Мы оба поднялись, разговор, казалось, был закончен. Валентиниан взирал на меня с искренним изумлением, ибо вряд ли найдется человек, который может совершенно равнодушно и даже с радостью воспринять из уст императора такое известие. Вдруг Валентиниан положил мне ладонь на плечо и попросил садиться.

– Вот еще что, – сказал он, – этот ваш Иешуа говорил, что нет такого преступления, за которое нельзя при искреннем раскаянии получить прощение. Это так?

– Иешуа учил так, но, если вам интересно мое мнение, то я не вполне согласен с этим.

– Мне интересно ваше мнение.

– Я полагаю, что есть исключение из этого правила. Завоеватели, которые одним росчерком пера обрекают на неизбежную смерть тысячи людей – не подлежат прощению. Солдаты убивающие – могут быть прощены Богом, но императорам, начинающим войны – не будет прощения.

– Боже мой, Бен-Шимон, со мной так никто никогда не разговаривал. Вы наговорили здесь уже на десять казней. Вы поистине не боитесь смерти.

– Не боюсь.

– Вы страшный человек, Бен-Шимон. Однако я подумаю над вашими словами.
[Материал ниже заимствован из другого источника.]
(* Let $V_0=\mathbb{C}[x_1,x_2,\dots]$ with each $x_i$ primitive, let $A$ be a commutative $\mathbb{C}$-algebra, let $r$ be an $A$-valued bicharacter on $V_0$, put $q_{mn}=r(x_m\otimes x_n)$ and \[ Q_p=\sum_{m,n\ge1}q_{mn}\frac{\partial^2}{\partial x_m\partial x_n}. \] Let $s=r\circ r^t$ be the symmetrization of $r$ and $\bullet=\bullet_s$. Then for all $P\in V_0$, \[ e^{Q_p}(P)=\mathrm{EQ}_r(P)=\sum r(P'\otimes P'')P''', \] and moreover $e^{Q_p}(P)=P^{\bullet}$. Furthermore $e^{Q_p}$ is a homomorphism from $(V_0\otimes A,\cdot)$ to $(V_0\otimes A,\bullet)$.
   Context: Hopf structure on $V_0$: $\Delta(x_i)=x_i\otimes1+1\otimes x_i$, $\eta(x_i)=0$. Sweedler notation: $\Delta(P)=\sum P'\otimes P''$, $\Delta^2(P)=\sum P'\otimes P''\otimes P'''$. An $A$-valued bicharacter is a linear map $r:V_0\otimes V_0\to A$ with $r(1\otimes a)=\eta(a)=r(a\otimes1)$, $r(ab\otimes c)=\sum r(a\otimes c')r(b\otimes c'')$, $r(a\otimes bc)=\sum r(a'\otimes b)r(a''\otimes c)$. $r^t(a\otimes b)=r(b\otimes a)$, and $(r\circ t)(a\otimes b)=\sum r(a'\otimes b')t(a''\otimes b'')$; the symmetrization $s=r\circ r^t$ is a symmetric bicharacter. The product $\bullet_s$ on $V_0\otimes A$ is the $A$-bilinear extension of $a\bullet_s b=\sum a'b'\,s(a''\otimes b'')$; it is associative and commutative with unit $1$. For $P\in V_0$ written as a linear combination of monomials $x_{i_1}x_{i_2}\cdots x_{i_k}$, the $\bullet$ polynomial $P^\bullet$ is the same linear combination of the elements $x_{i_1}\bullet x_{i_2}\bullet\cdots\bullet x_{i_k}$ (with the empty monomial $1$ mapped to $1$). $e^{Q_p}=\sum_k Q_p^k/k!$, acting $A$-linearly. *)

theory Defs
  imports Complex_Main "HOL-Library.Poly_Mapping" "HOL-Library.Product_Plus"
    "HOL-Library.Groups_Big_Fun"
begin

text \<open>Monomials in the variables x_0, x_1, ... are exponent vectors nat =>0 nat.
  V0 = C[x_0,x_1,...] is (mon =>0 complex); V0 (x) A = A[x_0,x_1,...] is (mon =>0 'a);
  V0 (x) V0 is ((mon * mon) =>0 complex) with the (convolution) tensor product algebra
  structure; V0 (x) V0 (x) V0 is ((mon * (mon * mon)) =>0 complex).
  A commutative C-algebra A is a commutative ring 'a together with a ring
  homomorphism iota : complex => 'a (the structure map); c.a = iota c * a.\<close>

type_synonym mon = "nat \<Rightarrow>\<^sub>0 nat"
type_synonym V0 = "mon \<Rightarrow>\<^sub>0 complex"
type_synonym T2 = "(mon \<times> mon) \<Rightarrow>\<^sub>0 complex"
type_synonym T3 = "(mon \<times> mon \<times> mon) \<Rightarrow>\<^sub>0 complex"

definition calg_hom :: "(complex \<Rightarrow> 'a::comm_ring_1) \<Rightarrow> bool" where
  "calg_hom iota \<longleftrightarrow> (\<forall>x y. iota (x + y) = iota x + iota y) \<and>
     (\<forall>x y. iota (x * y) = iota x * iota y) \<and> iota 1 = 1"

definition Var :: "nat \<Rightarrow> mon" where "Var i = Poly_Mapping.single i 1"

definition mono :: "mon \<Rightarrow> V0" where "mono m = Poly_Mapping.single m 1"

definition xv :: "nat \<Rightarrow> V0" where "xv i = mono (Var i)"

definition tensor :: "V0 \<Rightarrow> V0 \<Rightarrow> T2" where
  "tensor a b = (\<Sum>m\<in>Poly_Mapping.keys a. \<Sum>n\<in>Poly_Mapping.keys b. Poly_Mapping.single (m, n) (Poly_Mapping.lookup a m * Poly_Mapping.lookup b n))"

definition counit :: "V0 \<Rightarrow> complex" where "counit P = Poly_Mapping.lookup P 0"

definition delta_mon :: "mon \<Rightarrow> T2" where
  "delta_mon m = (\<Prod>i\<in>Poly_Mapping.keys m. (tensor (xv i) 1 + tensor 1 (xv i)) ^ Poly_Mapping.lookup m i)"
Сейчас передо мной стоит выбор – начинать ли новую завоевательную кампанию в землях северных алеманнов, или ограничиться дальнейшим подчинением уже завоеванных южных земель. Давайте договоримся так: обдумайте мое предложение до завтра. Если вы согласитесь, то получите в подарок титул и впридачу любой из небольших островов или уездов империи – такой вотчиной могут похвастаться не более десятка римских вельмож.

Ночью меня вдруг осенила идея. Фраза Швелия о том, что больше всего пользы себе приносит тот, кто приносит пользу другим, приобрела для меня, в свете обещанного императором имения, вполне конкретный смысл. На следующий день я заявил Валентиниану следующее:

– Я готов согласиться на ваше предложение с двумя условиями: Первое: я буду служить вам не более десяти лет. Второе: вы не должны начинать войну против северных алеманнов.

– Вы меня опять удивляете, Бен-Шимон. Я полагал, что решение ваше непоколебимо. Что вы задумали? Вы будете служить мне верой и правдой?

– Да.

– Тогда по рукам. Договор двух мужей слова!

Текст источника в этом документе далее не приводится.